Unless gaming is a big part of your interests, the mid tier option I've shown will happily do more than I think You're asking for.

edit: p.s .. Mods, no I don't work for ebuyer, they just happen to have a good site for referencing things.


----------



## ukbsktbll (Oct 9, 2003)

Ok so I am closer to being ready to do my new build. As I mentioned before I am primarily wanting to build a nice gaming system. I was looking at the TSF build suggestions. What would be a good CPU choice (feel the i7-9600 is a little pricey for me at this time). How much better is the gtx 970 over the 960?

Also as mentioned it has been awhile - (3-4 yrs) since I have many any upgrades. Is the SSD now the recommended drive to use for your OS? Thanks

Also which type of Windows 10 would you recommend? Its primarily a gaming and general use PC. And is that better than windows 8? Thanks


----------



## Masterchiefxx17 (Feb 27, 2010)

I would recommend an i5 for the CPU and a GTX 960.

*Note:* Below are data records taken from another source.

(* Let $k>0$ and $H_n(x,y,u;k)=\sum_{w\in B_n}x^{\mathrm{exc}(w)}y^{\mathrm{aexc}(w)}u^{\mathrm{fix}(w)}k^{n-\mathrm{cyc}(w)}$ (with $H_0=1$). Then $$\sum_{n\ge0}H_n(x,y,u;k)\frac{z^n}{n!}=\left(\frac{(y-x)e^{kz(y+u-2x)}}{y-xe^{2kz(y-x)}}\right)^{1/k}.$$
   Context: $B_n$ is the hyperoctahedral group of signed permutations $w$ of $\pm[n]$ with $w(-i)=-w(i)$, written in standard cycle decomposition (each cycle starts with its element of largest absolute value, cycles ordered by increasing absolute value of first elements); $\mathrm{cyc}(w)$ is the number of cycles. For $i\in[n]$: $i$ is an excedance if $w(|w(i)|)>w(i)$; an anti-excedance if $w(i)=-i$ or $w(|w(i)|)<w(i)$; a fixed point if $w(i)=i$. $\mathrm{exc}(w)$, $\mathrm{aexc}(w)$, $\mathrm{fix}(w)$ denote their numbers. *)

theory Defs
  imports "HOL-Combinatorics.Permutations" Complex_Main
begin

definition signed_perms :: "nat \<Rightarrow> (int \<Rightarrow> int) set" where
  "signed_perms n = {w. w permutes ({- int n..int n} - {0}) \<and> (\<forall>i. w (- i) = - w i)}"

definition exc :: "nat \<Rightarrow> (int \<Rightarrow> int) \<Rightarrow> nat" where
  "exc n w = card {i \<in> {1..int n}. w \<bar>w i\<bar> > w i}"

definition aexc :: "nat \<Rightarrow> (int \<Rightarrow> int) \<Rightarrow> nat" where
  "aexc n w = card {i \<in> {1..int n}. w i = - i \<or> w \<bar>w i\<bar> < w i}"

definition fixp :: "nat \<Rightarrow> (int \<Rightarrow> int) \<Rightarrow> nat" where
  "fixp n w = card {i \<in> {1..int n}. w i = i}"

text \<open>Number of cycles in the (standard) cycle decomposition: a cycle is the orbit of
  some \<open>i \<in> [n]\<close> under \<open>w\<close>, considered up to signs of its entries.\<close>
definition cyc :: "nat \<Rightarrow> (int \<Rightarrow> int) \<Rightarrow> nat" where
  "cyc n w = card ((\<lambda>i. abs ` {(w ^^ m) i | m. True}) ` {1..int n})"

definition H :: "nat \<Rightarrow> real \<Rightarrow> real \<Rightarrow> real \<Rightarrow> real \<Rightarrow> real" where
  "H n x y u k = (\<Sum>w\<in>signed_perms n.
      x ^ exc n w * y ^ aexc n w * u ^ fixp n w * k ^ (n - cyc n w))"

end

(*
  Removing the letter n + 1 from a signed permutation of [n + 1] inverts inserting it, with
  either sign, either as a cycle of its own (weight u or y, one more cycle) or right after some
  p in [n] in the cycle of p. In the latter case the predecessor of p and p itself get the
  weights x and y while all other letters keep theirs, so the insertions after all p sum to a
  derivative along (1, 1, 1):  H_(n+1) = (u + y) H_n + 2 k x y (d/dt) H_n(x + t, y + t, u + t).
  In the shift-invariant variables d = y - x and s = y + u - 2 x this is a recurrence for the
  coefficients of H_n as a polynomial in x, solved by
    [x^j] H_n = binom(-1/k, j) (-1/d)^j Delta^j (s + 2 k d m)^n |_(m = 0).
  The j-th finite difference has exponential generating function e^(s z) (e^(2 k d z) - 1)^j,
  the double series converges absolutely for small |z|, and summing over j first gives
  e^(s z) (1 - x (e^(2 k d z) - 1) / d)^(-1/k) by the binomial series.
*)

theory Submission
  imports Defs "HOL-Analysis.Infinite_Sum" "HOL-Analysis.Generalised_Binomial_Theorem"
begin

section \<open>Signed permutations and their weights\<close>

abbreviation signed_range :: "nat \<Rightarrow> int set" where
  "signed_range n \<equiv> {- int n..int n} - {0}"

lemma signed_perms_permutes: "w \<in> signed_perms n \<Longrightarrow> w permutes signed_range n"
  by (simp add: signed_perms_def)

lemma signed_perms_minus: "w \<in> signed_perms n \<Longrightarrow> w (- i) = - w i"
  by (simp add: signed_perms_def)

lemma signed_perms_outside: "w \<in> signed_perms n \<Longrightarrow> int n < \<bar>i\<bar> \<Longrightarrow> w i = i"
  by (rule permutes_not_in[OF signed_perms_permutes]) auto

lemma signed_perms_inj: "w \<in> signed_perms n \<Longrightarrow> inj w"
  using permutes_inj[OF signed_perms_permutes] .

lemma signed_perms_abs_abs: "w \<in> signed_perms n \<Longrightarrow> \<bar>w \<bar>i\<bar>\<bar> = \<bar>w i\<bar>"
  by (cases "0 \<le> i") (simp_all add: signed_perms_minus)

lemma signed_perms_abs_mem:
  assumes "w \<in> signed_perms n" and "i \<in> {1..int n}"
  shows "\<bar>w i\<bar> \<in> {1..int n}"
proof -
  have "w i \<in> signed_range n"
    using assms permutes_in_image[OF signed_perms_permutes[OF assms(1)], of i] by auto
  then show ?thesis by auto
qed

lemma signed_perms_abs_eq:
  assumes w: "w \<in> signed_perms n" and "\<bar>w i\<bar> = \<bar>w j\<bar>"
  shows "\<bar>i\<bar> = \<bar>j\<bar>"
proof -
  have "w i = w j \<or> w i = w (- j)"
    using assms(2) signed_perms_minus[OF w, of j] by arith
  then have "i = j \<or> i = - j"
    using inj_eq[OF signed_perms_inj[OF w]] by blast
  then show ?thesis
    by auto
qed

lemma signed_perms_abs_bij:
  assumes w: "w \<in> signed_perms n"
  shows "bij_betw (\<lambda>j. \<bar>w j\<bar>) {1..int n} {1..int n}"
proof -
  have inj: "inj_on (\<lambda>j. \<bar>w j\<bar>) {1..int n}"
  proof (rule inj_onI)
    fix a b
    assume "a \<in> {1..int n}" "b \<in> {1..int n}" "\<bar>w a\<bar> = \<bar>w b\<bar>"
    then show "a = b"
      using signed_perms_abs_eq[OF w, of a b] by simp
  qed
  moreover have "(\<lambda>j. \<bar>w j\<bar>) ` {1..int n} = {1..int n}"
    by (rule endo_inj_surj[OF _ _ inj]) (auto intro: signed_perms_abs_mem[OF w])
  ultimately show ?thesis
    by (simp add: bij_betw_def)
qed

lemma signed_perms_0: "signed_perms 0 = {id}"
  by (auto simp: signed_perms_def)

lemma signed_perms_Suc: "w \<in> signed_perms n \<Longrightarrow> w \<in> signed_perms (Suc n)"
  unfolding signed_perms_def by (auto elim: permutes_subset)

lemma signed_perms_comp: "v \<in> signed_perms n \<Longrightarrow> w \<in> signed_perms n \<Longrightarrow> v \<circ> w \<in> signed_perms n"
  unfolding signed_perms_def by (auto intro: permutes_compose)

lemma signed_perms_inv:
  assumes w: "w \<in> signed_perms n"
  shows "inv w \<in> signed_perms n"
proof -
  have perm: "w permutes signed_range n"
    by (rule signed_perms_permutes[OF w])
  have "inv w (- i) = - inv w i" for i
  proof -
    have "w (- inv w i) = - i"
      using signed_perms_minus[OF w, of "inv w i"] permutes_inverses(1)[OF perm] by simp
    then show ?thesis
      using permutes_inv_eq[OF perm] by blast
  qed
  then show ?thesis
    using permutes_inv[OF perm] by (simp add: signed_perms_def)
qed

lemma signed_perms_Suc_fixing:
  assumes w: "w \<in> signed_perms (Suc n)" and "w (int n + 1) = int n + 1"
  shows "w \<in> signed_perms n"
proof -
  have fixes_new: "w i = i" if "i \<in> signed_range (Suc n) - signed_range n" for i
  proof -
    have "i = int n + 1 \<or> i = - (int n + 1)"
      using that by auto
    then show ?thesis
      using assms(2) signed_perms_minus[OF w, of "int n + 1"] by (elim disjE) simp_all
  qed
  have "w permutes signed_range n"
    by (rule permutes_superset[OF signed_perms_permutes[OF w] fixes_new])
  then show ?thesis
    using signed_perms_minus[OF w] by (simp add: signed_perms_def)
qed

definition letter_weight :: "real \<Rightarrow> real \<Rightarrow> real \<Rightarrow> (int \<Rightarrow> int) \<Rightarrow> int \<Rightarrow> real" where
  "letter_weight x y u w i =
     (if w i < w \<bar>w i\<bar> then x else if w i = - i \<or> w \<bar>w i\<bar> < w i then y else u)"

definition weight :: "nat \<Rightarrow> real \<Rightarrow> real \<Rightarrow> real \<Rightarrow> (int \<Rightarrow> int) \<Rightarrow> real" where
  "weight n x y u w = (\<Prod>i\<in>{1..int n}. letter_weight x y u w i)"

lemma signed_perms_excedance_not_negated:
  assumes w: "w \<in> signed_perms n" and "w i < w \<bar>w i\<bar>"
  shows "w i \<noteq> - i"
proof
  assume wi: "w i = - i"
  show False
  proof (cases "0 \<le> i")
    case True
    then show False using assms(2) wi by simp
  next
    case False
    then have "w \<bar>w i\<bar> = i" using wi signed_perms_minus[OF w, of i] by simp
    then show False using assms(2) wi False by simp
  qed
qed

Yes, an SSD is a good item to have for your OS.

Windows 10 Home is perfectly fine for your usage. I find it to be much better than Windows 8.


----------



## ukbsktbll (Oct 9, 2003)

Thanks


----------



## khichaya (Nov 18, 2010)

Try SSD hard disk


----------



## pbug56 (Sep 20, 2008)

I'd agree with the SSD. Yes, an I7, pick the mobo carefully to allow you to upgrade ram, graphics, etc. if needed.


----------



## frosty57 (Aug 6, 2009)

I have just built a gaming machine with the new i5 Skylark 6600k gen6, 16Gb Corsair RAM, 500Gb Samsung SSD Western Digital 4Gb black storage, Gigabyte GA-H110M-H MB with 1151 socket Gigabyte GT 960 video, 850 watt Thermaltake Power supply, Have loaded heaps onto it and it fly's faster than my 12 month old i7 from power on to windows 7 loaded 3.7 seconds
I have yet to slow it down

I wouldn't have thought an i5 would be faster than an i7 but it is heaps faster
For a bit of fun I did a windows system test an it got 7.8 bugger not perfect but close
I wouldn't say it's future proof but it goes so fast it's dangerous.

Hope this helps


----------



## sh10453 (Mar 18, 2010)

ukbsktbll said:


> So I am needing to upgrade my pc. Thanks


The i7 you have is obsolete, and I think it is not worth building a new machine around it.
Here is a benchmark that shows you where it stands in terms of performance:
https://www.cpubenchmark.net/[email protected]+3.20GHz&id=838

I would suggest (if budget is low) buying a ready system (such as an HP, Dell, etc.) that is i7-based (at least i7-4xxx, 4th gen, or i7-6xxx, 6th gen).
They go on sale quite frequently for around $600.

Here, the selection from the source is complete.